Task statement: Please return only the lines from the one holding "q(2)] by auto" through the one holding "through \<open>u \<inter>", exactly as they appear in the records below, both ends included.

━━━━━ Provided information

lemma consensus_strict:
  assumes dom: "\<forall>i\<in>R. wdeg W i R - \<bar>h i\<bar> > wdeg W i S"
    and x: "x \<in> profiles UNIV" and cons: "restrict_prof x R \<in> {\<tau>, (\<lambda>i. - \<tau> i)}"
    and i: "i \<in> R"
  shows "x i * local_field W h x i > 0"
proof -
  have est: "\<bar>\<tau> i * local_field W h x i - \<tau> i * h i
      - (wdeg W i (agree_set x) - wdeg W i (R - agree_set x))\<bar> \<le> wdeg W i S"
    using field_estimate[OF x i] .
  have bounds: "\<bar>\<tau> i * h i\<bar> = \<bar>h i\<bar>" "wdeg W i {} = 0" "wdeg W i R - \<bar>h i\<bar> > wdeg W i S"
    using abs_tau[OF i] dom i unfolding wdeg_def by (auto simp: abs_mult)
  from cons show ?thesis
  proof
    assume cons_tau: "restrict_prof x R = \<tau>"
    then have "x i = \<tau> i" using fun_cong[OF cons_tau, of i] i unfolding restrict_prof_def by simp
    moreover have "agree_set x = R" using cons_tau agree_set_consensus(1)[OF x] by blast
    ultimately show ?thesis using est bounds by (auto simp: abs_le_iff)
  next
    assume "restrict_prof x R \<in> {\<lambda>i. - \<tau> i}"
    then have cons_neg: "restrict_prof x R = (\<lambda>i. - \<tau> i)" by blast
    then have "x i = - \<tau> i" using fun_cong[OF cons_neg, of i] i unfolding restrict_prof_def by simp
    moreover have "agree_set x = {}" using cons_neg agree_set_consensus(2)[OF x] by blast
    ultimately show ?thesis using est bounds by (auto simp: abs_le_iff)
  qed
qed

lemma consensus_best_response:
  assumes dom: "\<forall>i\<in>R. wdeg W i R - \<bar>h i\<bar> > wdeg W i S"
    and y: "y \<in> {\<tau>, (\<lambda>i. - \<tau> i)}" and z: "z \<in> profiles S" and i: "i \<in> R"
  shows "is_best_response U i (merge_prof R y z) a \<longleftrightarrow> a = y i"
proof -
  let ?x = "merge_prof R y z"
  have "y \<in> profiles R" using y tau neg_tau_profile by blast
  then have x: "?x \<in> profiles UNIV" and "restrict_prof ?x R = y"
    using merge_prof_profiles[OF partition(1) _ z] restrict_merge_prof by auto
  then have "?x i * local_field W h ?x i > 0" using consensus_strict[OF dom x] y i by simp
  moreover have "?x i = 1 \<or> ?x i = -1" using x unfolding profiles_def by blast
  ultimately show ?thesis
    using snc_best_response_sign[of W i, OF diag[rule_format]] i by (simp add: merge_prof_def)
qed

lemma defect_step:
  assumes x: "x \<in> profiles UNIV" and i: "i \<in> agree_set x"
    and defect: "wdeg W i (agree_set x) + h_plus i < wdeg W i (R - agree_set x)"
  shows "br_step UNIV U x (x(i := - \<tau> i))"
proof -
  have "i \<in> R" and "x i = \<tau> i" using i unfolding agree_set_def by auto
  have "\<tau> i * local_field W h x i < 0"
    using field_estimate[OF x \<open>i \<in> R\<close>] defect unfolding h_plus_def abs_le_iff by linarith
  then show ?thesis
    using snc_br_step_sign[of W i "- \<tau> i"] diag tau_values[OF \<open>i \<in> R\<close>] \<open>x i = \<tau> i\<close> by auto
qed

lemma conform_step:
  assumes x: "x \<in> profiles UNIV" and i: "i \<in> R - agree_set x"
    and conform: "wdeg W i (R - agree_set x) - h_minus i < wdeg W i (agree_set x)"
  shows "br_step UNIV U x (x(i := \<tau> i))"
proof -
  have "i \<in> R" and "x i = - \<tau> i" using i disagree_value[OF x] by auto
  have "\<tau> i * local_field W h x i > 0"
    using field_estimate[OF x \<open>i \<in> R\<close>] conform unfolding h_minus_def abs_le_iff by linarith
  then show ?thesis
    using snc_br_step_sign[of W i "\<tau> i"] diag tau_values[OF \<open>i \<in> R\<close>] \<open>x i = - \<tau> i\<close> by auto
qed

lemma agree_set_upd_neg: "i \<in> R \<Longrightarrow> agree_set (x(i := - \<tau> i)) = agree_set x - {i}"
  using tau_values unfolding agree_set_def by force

━━━━━━━━━━
━━━━━ Provided information

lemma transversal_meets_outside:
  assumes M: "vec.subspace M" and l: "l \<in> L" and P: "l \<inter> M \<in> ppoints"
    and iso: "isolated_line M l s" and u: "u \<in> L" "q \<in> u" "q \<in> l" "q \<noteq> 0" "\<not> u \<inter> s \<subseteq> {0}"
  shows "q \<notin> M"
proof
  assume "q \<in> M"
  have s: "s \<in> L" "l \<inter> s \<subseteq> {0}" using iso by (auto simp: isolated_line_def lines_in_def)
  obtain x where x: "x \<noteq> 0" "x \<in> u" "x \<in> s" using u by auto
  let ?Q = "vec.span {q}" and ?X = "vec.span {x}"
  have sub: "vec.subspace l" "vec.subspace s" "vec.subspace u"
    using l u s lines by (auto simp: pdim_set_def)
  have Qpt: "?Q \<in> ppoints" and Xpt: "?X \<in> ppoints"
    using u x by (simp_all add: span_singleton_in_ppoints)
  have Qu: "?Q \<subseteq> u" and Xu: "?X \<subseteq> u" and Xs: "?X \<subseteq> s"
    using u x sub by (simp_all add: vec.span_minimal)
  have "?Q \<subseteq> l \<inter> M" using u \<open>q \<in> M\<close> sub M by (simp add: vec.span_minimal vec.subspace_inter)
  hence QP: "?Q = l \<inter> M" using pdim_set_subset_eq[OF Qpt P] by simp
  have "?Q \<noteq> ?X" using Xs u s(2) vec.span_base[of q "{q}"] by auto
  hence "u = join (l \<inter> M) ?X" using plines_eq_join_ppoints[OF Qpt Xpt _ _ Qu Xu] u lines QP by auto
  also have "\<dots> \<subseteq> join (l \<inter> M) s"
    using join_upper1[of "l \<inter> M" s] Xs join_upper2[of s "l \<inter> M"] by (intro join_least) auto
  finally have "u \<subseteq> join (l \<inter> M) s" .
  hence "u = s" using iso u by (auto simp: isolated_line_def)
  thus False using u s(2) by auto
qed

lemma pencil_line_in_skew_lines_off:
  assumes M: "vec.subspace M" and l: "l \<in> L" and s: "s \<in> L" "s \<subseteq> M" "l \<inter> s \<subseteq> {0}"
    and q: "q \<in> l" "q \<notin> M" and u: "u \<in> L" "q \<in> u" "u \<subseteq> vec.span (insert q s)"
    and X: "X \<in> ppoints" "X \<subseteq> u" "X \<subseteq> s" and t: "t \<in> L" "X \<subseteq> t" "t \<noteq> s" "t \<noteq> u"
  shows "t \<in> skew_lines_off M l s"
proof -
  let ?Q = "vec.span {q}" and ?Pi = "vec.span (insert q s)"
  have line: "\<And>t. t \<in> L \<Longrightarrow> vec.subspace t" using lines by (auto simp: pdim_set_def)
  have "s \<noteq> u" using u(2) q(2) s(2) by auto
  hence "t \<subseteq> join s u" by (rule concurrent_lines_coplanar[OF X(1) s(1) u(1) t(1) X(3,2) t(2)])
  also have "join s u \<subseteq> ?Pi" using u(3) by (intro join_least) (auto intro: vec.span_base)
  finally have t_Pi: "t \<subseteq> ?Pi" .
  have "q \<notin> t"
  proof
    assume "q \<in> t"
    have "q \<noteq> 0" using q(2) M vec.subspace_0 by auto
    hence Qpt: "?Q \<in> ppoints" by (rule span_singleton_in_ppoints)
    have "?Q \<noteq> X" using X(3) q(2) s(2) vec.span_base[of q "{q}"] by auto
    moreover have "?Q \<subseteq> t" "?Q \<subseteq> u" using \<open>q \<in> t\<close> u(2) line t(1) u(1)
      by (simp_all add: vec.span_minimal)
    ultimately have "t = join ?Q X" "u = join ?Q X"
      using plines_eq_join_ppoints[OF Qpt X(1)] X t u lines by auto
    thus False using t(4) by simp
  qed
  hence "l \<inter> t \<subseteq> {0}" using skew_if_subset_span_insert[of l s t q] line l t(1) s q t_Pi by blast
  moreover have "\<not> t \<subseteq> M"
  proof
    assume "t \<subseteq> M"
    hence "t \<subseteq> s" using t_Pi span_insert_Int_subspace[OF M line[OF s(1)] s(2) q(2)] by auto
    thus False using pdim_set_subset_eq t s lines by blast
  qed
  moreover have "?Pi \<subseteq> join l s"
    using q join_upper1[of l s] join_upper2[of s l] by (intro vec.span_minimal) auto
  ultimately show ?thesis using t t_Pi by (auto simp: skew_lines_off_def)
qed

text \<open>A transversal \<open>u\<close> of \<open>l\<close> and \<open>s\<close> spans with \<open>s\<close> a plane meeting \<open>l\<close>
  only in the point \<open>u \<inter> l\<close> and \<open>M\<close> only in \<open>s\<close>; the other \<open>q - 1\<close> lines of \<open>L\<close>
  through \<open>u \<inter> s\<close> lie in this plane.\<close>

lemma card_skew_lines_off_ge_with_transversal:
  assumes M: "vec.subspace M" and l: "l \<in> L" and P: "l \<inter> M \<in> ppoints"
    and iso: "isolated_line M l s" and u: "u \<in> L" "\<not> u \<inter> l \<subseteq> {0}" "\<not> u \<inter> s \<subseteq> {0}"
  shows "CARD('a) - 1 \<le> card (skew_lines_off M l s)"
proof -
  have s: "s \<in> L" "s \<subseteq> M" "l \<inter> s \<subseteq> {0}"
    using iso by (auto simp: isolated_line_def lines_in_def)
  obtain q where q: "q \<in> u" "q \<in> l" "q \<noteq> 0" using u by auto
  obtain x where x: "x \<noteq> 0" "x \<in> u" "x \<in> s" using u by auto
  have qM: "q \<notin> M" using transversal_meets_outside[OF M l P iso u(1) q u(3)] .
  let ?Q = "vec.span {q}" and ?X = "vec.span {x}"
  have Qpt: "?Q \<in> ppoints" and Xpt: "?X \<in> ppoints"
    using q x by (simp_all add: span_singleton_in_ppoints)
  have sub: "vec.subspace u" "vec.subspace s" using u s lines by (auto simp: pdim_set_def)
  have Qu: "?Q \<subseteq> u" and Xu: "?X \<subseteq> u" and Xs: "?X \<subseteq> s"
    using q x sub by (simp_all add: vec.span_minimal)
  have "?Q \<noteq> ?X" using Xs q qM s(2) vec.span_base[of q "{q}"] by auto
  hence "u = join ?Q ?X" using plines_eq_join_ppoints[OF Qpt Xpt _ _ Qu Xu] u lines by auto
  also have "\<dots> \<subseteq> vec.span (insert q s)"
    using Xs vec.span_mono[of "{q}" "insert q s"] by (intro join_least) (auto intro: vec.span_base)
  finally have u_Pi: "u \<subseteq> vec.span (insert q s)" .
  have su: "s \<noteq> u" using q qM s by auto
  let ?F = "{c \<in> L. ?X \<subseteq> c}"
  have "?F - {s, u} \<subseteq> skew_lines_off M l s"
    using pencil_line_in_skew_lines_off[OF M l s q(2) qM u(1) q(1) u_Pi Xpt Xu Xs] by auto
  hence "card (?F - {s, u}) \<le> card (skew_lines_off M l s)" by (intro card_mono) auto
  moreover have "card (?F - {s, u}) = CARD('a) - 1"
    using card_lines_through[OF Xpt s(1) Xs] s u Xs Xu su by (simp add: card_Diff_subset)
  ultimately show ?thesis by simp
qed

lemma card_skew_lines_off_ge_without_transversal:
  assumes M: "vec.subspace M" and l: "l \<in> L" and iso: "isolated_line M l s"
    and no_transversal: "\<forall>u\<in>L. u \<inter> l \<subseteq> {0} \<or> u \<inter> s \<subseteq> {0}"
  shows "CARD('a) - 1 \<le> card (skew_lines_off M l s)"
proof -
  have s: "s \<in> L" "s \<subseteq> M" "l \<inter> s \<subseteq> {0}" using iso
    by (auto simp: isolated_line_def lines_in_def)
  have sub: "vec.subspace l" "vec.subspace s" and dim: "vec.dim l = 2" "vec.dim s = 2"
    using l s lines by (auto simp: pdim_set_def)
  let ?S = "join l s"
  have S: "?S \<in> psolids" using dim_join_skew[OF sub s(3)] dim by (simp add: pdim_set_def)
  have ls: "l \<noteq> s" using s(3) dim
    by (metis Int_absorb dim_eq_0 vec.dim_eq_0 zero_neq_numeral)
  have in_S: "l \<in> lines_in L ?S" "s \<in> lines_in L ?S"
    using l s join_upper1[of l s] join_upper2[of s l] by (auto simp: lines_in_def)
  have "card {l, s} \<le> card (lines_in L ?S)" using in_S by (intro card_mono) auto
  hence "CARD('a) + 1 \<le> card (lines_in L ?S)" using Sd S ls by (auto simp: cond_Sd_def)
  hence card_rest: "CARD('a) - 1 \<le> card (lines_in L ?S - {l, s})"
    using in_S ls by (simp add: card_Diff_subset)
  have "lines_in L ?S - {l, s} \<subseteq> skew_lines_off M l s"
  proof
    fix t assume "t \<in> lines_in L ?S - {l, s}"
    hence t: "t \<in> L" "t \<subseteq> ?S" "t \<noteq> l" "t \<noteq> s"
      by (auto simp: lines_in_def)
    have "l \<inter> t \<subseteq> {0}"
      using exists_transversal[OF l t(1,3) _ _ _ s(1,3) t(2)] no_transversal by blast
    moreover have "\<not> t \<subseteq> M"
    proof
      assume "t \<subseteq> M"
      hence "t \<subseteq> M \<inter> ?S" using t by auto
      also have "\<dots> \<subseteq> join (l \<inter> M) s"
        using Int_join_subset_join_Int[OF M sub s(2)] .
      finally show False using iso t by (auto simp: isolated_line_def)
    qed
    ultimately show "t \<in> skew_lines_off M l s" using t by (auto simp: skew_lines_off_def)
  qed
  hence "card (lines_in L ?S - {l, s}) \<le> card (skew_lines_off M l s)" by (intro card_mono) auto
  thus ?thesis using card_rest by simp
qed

━━━━━━━━━━

Answer section:
    hence "t \<subseteq> s" using t_Pi span_insert_Int_subspace[OF M line[OF s(1)] s(2) q(2)] by auto
    thus False using pdim_set_subset_eq t s lines by blast
  qed
  moreover have "?Pi \<subseteq> join l s"
    using q join_upper1[of l s] join_upper2[of s l] by (intro vec.span_minimal) auto
  ultimately show ?thesis using t t_Pi by (auto simp: skew_lines_off_def)
qed

text \<open>A transversal \<open>u\<close> of \<open>l\<close> and \<open>s\<close> spans with \<open>s\<close> a plane meeting \<open>l\<close>
  only in the point \<open>u \<inter> l\<close> and \<open>M\<close> only in \<open>s\<close>; the other \<open>q - 1\<close> lines of \<open>L\<close>
  through \<open>u \<inter> s\<close> lie in this plane.\<close>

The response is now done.